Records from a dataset
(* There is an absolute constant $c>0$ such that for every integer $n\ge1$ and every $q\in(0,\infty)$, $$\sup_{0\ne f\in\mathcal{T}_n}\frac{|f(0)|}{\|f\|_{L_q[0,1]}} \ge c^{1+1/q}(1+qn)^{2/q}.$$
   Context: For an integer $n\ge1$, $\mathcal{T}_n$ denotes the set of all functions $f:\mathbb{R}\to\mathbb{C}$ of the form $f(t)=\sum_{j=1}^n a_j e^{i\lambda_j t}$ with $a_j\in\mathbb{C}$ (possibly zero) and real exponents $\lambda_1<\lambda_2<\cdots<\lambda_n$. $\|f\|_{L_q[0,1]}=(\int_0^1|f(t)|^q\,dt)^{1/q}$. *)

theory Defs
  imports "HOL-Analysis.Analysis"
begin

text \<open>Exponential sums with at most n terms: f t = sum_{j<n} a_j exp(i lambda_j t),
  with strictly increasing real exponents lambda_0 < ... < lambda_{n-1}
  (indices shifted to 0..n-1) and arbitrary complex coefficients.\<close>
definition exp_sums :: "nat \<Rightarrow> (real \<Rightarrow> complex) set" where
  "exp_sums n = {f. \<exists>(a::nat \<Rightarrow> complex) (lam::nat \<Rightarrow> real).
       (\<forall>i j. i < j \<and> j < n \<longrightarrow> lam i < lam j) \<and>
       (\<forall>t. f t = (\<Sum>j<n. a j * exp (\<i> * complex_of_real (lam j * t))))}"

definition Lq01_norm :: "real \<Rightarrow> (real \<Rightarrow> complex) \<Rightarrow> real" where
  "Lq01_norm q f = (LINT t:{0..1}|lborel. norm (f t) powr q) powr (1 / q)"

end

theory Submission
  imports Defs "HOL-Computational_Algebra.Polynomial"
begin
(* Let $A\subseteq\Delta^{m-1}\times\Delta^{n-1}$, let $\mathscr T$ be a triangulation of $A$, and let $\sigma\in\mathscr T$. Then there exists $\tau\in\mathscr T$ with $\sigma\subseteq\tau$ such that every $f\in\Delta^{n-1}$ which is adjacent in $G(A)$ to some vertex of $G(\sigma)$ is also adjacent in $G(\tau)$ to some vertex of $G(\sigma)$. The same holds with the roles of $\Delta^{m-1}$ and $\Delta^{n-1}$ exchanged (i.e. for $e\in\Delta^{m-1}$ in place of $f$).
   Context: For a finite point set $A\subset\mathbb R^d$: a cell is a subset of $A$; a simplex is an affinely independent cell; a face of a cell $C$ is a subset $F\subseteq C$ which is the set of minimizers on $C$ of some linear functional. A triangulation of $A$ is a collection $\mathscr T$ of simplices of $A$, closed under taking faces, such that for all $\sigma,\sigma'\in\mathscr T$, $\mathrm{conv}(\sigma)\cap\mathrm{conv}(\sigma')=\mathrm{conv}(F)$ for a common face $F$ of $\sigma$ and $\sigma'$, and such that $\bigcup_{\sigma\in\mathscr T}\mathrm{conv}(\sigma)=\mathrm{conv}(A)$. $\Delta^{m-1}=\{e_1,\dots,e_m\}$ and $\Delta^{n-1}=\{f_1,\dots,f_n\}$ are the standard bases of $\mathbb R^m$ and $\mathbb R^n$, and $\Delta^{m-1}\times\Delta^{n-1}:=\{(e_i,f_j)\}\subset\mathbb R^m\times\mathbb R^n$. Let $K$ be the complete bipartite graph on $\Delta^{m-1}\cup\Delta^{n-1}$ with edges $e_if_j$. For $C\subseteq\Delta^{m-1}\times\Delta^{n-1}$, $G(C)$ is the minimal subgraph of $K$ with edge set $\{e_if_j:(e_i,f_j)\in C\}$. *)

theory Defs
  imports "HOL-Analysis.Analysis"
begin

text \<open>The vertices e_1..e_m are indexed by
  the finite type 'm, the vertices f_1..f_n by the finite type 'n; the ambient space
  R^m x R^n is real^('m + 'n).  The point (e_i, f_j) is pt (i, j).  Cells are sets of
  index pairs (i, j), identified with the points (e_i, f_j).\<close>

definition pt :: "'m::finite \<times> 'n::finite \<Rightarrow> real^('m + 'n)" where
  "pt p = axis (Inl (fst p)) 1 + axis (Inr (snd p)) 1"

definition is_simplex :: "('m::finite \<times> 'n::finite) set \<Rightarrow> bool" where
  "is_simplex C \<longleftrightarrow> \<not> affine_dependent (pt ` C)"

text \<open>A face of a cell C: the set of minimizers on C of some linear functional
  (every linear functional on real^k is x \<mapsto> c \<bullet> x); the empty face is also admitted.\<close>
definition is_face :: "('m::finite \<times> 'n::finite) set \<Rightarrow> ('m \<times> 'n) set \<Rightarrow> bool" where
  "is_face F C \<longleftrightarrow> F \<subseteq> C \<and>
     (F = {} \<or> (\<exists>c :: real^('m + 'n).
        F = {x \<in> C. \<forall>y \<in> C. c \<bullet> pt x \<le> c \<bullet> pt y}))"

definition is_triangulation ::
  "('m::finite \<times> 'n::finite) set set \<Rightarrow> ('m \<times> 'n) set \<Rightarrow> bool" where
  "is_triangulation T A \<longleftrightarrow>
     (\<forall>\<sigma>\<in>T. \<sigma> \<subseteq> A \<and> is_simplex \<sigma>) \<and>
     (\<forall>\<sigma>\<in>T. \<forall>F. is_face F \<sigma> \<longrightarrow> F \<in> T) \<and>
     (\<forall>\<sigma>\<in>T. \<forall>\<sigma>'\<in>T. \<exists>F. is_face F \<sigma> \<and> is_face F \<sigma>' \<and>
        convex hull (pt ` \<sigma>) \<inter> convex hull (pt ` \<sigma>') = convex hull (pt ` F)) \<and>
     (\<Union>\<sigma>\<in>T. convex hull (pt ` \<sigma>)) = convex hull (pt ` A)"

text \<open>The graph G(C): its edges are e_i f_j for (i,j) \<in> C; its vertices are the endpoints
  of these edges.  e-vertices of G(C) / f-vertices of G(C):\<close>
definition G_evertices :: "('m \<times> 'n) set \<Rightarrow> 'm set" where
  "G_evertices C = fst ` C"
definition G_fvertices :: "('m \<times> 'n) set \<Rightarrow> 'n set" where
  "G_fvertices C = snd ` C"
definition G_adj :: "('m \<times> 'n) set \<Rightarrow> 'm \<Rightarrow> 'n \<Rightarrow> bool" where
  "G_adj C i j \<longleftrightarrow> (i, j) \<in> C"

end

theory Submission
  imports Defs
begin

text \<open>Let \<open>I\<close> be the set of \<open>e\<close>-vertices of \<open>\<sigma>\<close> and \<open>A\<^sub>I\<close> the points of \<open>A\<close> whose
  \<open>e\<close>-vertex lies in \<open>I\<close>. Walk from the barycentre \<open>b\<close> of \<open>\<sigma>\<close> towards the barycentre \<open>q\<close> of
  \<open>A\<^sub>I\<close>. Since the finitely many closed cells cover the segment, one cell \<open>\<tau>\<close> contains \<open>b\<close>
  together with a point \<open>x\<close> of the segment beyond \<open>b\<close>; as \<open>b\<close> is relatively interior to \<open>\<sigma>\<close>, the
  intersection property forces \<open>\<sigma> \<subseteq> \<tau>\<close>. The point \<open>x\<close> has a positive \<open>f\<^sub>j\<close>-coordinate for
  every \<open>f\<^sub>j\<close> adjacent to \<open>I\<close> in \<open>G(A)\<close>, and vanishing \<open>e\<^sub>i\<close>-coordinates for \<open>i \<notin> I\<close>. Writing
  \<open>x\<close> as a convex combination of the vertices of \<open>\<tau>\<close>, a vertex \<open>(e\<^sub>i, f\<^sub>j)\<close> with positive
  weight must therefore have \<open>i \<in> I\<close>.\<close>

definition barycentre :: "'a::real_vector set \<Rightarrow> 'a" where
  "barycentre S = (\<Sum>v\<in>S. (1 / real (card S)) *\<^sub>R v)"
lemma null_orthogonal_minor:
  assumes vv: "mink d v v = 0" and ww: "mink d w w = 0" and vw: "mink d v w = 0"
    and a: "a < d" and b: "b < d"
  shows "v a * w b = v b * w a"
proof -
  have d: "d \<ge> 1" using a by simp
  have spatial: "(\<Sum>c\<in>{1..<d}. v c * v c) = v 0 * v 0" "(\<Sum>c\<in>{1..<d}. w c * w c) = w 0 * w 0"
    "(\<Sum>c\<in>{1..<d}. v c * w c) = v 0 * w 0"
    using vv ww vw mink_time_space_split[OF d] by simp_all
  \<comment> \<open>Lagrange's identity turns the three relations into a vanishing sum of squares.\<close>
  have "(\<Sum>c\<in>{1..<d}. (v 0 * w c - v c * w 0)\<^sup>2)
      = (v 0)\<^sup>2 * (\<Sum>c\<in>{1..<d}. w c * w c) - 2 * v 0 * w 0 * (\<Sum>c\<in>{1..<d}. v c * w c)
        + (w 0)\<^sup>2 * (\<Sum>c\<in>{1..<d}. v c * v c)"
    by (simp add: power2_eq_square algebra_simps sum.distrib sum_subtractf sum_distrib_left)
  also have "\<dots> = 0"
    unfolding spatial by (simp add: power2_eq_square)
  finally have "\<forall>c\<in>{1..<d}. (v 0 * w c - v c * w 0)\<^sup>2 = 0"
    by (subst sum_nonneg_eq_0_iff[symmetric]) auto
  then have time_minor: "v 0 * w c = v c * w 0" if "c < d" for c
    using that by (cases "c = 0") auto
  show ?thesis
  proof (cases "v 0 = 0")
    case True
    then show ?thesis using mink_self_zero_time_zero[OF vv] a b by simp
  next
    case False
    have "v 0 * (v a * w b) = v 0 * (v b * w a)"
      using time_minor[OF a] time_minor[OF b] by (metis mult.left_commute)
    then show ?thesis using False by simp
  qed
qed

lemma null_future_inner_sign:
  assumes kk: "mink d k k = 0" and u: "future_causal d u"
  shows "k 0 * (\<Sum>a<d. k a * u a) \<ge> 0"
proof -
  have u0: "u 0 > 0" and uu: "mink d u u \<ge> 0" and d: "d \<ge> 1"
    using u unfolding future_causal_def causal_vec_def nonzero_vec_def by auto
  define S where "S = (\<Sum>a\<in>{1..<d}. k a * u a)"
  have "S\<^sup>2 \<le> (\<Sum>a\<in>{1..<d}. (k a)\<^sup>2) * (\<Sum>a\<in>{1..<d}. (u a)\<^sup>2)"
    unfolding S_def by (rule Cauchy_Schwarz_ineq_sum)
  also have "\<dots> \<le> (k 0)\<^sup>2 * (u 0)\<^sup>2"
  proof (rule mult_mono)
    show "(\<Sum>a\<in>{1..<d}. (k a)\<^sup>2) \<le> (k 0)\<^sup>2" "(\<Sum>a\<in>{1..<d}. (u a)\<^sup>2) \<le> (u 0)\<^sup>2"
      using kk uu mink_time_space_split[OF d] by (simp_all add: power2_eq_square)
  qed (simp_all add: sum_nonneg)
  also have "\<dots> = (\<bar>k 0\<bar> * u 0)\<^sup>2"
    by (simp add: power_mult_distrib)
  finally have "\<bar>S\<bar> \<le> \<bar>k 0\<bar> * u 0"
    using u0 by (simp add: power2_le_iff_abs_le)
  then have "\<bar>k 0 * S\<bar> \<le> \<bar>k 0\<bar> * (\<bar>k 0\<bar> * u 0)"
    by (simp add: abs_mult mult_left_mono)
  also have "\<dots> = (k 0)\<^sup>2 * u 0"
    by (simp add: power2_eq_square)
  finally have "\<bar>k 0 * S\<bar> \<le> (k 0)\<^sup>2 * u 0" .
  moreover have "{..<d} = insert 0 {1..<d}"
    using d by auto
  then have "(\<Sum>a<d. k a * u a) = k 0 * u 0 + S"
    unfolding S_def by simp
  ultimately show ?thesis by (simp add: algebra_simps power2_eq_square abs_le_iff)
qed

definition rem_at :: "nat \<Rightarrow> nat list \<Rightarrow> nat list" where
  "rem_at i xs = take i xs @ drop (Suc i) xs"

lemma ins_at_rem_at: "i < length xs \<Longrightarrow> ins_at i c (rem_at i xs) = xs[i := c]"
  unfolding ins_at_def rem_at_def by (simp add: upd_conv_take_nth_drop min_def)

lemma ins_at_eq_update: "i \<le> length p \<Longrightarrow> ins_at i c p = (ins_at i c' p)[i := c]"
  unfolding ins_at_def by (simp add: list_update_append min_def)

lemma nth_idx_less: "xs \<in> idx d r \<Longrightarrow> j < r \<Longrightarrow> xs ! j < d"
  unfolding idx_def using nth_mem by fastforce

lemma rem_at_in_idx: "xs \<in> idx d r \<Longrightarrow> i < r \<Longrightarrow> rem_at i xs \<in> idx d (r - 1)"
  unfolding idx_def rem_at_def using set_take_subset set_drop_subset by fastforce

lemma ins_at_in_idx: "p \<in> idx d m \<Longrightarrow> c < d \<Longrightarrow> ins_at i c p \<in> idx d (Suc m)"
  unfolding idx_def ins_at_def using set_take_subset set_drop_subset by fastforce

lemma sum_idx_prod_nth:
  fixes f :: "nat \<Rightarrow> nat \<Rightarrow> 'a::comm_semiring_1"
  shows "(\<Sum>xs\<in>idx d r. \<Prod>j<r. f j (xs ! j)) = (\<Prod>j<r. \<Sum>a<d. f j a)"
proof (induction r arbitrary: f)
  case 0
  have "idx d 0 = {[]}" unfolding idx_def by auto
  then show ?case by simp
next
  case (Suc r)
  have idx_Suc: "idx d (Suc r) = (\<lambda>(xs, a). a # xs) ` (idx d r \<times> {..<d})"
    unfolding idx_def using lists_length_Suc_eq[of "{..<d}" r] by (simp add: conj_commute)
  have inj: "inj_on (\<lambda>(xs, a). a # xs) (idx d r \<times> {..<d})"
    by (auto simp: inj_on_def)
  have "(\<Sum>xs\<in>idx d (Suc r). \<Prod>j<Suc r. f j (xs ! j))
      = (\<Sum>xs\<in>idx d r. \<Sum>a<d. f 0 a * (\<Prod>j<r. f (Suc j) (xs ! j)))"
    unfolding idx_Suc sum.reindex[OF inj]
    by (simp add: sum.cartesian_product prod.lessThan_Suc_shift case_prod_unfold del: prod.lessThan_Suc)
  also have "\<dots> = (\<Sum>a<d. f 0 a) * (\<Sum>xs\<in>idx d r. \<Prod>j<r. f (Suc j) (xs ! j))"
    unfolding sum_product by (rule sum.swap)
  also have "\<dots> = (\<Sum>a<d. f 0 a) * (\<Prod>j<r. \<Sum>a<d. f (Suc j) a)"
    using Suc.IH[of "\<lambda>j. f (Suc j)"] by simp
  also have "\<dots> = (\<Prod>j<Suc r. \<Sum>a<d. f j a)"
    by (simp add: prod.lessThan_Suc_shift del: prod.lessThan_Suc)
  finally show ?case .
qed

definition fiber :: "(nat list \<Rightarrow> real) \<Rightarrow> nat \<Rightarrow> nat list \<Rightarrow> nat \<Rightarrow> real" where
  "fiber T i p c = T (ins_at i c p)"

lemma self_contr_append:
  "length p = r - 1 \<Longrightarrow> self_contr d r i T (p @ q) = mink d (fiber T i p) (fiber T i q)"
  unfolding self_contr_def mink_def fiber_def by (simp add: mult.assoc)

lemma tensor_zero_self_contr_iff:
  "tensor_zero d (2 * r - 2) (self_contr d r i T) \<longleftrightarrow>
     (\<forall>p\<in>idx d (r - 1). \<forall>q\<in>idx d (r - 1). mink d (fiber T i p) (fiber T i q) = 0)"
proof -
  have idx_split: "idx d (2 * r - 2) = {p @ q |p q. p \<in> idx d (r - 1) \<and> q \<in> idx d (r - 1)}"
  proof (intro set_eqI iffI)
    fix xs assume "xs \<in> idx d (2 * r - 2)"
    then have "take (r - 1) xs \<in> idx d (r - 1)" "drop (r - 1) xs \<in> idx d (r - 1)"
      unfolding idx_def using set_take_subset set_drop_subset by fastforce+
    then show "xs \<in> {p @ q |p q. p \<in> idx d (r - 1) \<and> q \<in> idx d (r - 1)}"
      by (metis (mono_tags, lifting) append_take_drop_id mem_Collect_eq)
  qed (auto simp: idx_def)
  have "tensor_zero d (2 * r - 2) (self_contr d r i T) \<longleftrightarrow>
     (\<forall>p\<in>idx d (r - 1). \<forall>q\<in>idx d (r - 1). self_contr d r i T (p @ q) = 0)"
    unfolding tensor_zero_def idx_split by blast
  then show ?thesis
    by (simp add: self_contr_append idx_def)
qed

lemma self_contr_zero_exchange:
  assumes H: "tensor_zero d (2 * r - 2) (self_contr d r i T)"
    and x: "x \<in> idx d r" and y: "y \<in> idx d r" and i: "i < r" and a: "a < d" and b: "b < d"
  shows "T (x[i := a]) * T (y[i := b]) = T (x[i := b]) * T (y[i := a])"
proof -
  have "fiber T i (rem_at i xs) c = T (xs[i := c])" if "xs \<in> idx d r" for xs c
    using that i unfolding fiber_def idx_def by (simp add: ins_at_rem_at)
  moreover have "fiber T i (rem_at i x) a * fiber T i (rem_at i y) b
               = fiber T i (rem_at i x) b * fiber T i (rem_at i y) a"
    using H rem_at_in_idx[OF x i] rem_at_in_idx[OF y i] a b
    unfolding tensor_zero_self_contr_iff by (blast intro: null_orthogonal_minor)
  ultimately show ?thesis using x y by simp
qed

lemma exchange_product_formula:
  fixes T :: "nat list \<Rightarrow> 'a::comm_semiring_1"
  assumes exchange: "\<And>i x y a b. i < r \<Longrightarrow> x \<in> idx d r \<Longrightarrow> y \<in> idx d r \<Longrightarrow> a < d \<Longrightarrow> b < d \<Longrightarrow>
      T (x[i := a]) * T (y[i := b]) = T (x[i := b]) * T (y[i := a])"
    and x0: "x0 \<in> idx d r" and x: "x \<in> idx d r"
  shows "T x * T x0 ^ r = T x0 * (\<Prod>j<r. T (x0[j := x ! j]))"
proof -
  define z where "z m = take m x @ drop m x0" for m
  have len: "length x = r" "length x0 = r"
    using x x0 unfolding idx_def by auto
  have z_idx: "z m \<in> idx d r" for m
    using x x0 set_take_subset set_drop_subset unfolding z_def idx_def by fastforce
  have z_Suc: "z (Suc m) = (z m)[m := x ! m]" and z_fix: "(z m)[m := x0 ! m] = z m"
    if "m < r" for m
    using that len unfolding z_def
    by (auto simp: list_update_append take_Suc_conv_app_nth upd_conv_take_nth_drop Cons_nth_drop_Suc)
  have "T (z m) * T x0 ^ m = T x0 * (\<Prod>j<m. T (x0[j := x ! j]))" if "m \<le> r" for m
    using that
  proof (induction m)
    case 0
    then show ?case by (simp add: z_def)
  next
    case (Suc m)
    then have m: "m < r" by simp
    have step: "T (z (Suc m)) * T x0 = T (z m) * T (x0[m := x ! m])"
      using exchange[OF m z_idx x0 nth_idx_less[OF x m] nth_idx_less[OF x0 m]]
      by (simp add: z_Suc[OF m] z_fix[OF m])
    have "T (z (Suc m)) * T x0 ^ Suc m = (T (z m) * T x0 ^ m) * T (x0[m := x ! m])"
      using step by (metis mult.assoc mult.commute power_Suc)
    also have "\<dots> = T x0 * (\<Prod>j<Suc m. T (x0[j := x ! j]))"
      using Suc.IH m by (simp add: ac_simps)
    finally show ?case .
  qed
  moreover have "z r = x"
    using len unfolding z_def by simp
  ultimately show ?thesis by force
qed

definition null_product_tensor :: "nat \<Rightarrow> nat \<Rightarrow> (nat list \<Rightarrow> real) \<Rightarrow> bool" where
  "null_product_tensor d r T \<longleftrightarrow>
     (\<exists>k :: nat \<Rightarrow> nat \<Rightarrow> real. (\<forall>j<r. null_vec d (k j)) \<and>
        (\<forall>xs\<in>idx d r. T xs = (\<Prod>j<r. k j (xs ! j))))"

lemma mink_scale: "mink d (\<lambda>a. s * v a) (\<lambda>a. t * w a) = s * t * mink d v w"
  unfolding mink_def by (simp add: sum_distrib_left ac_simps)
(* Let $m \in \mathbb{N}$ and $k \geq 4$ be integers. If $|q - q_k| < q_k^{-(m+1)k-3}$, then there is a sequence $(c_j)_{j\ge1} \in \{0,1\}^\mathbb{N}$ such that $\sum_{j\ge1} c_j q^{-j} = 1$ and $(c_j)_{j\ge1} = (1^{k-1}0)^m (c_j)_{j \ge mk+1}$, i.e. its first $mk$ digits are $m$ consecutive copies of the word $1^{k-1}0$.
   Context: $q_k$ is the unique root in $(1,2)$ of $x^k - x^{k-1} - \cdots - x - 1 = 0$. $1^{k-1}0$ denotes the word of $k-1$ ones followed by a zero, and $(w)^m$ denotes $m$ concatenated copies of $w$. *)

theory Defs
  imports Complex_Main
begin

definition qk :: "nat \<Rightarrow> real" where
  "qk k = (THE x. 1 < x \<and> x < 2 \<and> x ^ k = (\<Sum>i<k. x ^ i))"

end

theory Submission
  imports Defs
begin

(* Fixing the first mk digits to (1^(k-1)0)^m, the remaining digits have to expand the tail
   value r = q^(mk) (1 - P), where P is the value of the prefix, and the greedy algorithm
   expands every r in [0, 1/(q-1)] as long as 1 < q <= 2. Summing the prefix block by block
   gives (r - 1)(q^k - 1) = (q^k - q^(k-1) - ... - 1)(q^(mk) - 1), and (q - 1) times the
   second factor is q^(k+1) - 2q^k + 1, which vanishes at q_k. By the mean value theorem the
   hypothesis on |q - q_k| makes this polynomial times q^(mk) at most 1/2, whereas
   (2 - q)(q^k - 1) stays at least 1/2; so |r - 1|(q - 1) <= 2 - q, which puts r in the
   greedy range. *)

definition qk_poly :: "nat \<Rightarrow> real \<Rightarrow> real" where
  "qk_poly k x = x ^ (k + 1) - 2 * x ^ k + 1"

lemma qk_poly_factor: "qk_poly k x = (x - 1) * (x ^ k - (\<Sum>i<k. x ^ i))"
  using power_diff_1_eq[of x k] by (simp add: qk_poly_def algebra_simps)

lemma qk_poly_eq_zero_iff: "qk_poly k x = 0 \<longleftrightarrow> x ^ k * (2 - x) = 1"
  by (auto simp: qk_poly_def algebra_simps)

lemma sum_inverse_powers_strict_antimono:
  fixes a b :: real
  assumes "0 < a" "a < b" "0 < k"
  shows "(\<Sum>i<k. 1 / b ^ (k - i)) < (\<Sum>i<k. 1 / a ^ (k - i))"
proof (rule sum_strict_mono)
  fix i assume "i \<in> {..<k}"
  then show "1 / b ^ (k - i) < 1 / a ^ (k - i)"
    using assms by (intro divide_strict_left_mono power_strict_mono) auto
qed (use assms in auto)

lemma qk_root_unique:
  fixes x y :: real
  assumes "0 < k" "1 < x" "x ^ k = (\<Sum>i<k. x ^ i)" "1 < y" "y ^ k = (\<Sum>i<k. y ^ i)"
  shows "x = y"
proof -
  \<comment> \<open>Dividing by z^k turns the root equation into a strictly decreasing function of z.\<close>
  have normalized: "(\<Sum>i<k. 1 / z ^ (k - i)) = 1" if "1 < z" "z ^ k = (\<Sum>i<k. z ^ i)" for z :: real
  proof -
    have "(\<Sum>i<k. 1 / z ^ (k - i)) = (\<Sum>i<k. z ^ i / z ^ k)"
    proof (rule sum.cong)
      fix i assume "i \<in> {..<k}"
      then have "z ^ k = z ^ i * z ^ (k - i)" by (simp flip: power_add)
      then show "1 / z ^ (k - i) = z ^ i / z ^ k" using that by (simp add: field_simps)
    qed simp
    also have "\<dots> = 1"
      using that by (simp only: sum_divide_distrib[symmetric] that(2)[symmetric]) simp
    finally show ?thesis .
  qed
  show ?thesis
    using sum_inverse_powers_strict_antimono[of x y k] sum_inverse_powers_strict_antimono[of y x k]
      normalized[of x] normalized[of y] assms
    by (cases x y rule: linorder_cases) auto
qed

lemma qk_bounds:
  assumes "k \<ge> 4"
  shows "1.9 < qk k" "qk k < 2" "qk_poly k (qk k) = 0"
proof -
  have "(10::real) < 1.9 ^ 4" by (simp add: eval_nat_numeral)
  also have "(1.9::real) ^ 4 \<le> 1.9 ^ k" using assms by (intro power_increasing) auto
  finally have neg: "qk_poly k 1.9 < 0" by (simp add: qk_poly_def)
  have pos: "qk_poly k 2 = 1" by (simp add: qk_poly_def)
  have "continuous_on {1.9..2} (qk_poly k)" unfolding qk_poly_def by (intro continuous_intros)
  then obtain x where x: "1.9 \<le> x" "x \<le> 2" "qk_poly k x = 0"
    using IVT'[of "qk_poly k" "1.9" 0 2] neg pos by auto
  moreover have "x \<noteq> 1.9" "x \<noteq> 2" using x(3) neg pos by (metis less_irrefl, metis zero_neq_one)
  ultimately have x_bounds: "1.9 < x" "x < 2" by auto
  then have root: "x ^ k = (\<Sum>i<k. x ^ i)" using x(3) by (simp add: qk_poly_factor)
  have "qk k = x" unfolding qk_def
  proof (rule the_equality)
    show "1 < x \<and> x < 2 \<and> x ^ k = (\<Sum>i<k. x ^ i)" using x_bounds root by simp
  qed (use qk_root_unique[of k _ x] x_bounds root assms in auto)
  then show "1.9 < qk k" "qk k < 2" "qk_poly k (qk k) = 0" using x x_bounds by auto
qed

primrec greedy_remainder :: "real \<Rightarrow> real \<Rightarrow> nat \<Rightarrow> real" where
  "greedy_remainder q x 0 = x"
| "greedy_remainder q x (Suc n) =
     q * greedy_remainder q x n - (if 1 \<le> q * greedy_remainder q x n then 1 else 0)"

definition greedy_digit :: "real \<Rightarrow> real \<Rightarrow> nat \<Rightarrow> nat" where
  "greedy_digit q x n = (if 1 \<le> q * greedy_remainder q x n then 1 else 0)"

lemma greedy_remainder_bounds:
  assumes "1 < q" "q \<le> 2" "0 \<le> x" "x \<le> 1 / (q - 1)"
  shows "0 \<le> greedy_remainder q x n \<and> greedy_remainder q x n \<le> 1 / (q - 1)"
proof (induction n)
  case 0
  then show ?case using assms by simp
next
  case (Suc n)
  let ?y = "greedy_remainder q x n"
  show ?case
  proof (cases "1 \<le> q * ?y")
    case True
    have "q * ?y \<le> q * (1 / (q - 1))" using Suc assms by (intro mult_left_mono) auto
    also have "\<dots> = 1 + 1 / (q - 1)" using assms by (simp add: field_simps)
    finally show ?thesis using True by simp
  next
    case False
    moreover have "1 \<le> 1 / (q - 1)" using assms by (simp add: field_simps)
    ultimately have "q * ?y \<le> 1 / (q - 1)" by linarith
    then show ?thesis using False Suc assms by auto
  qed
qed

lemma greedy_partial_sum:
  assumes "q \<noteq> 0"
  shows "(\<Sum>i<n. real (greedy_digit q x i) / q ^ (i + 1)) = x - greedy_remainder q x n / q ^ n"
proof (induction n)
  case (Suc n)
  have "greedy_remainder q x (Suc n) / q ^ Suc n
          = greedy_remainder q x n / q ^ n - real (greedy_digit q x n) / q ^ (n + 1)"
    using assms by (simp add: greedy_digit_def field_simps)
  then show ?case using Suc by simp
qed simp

Exercise goal |
Search the data for "barycentre". Copy every matching line.

Answer to the problem |
  \<open>e\<close>-vertex lies in \<open>I\<close>. Walk from the barycentre \<open>b\<close> of \<open>\<sigma>\<close> towards the barycentre \<open>q\<close> of
definition barycentre :: "'a::real_vector set \<Rightarrow> 'a" where
  "barycentre S = (\<Sum>v\<in>S. (1 / real (card S)) *\<^sub>R v)"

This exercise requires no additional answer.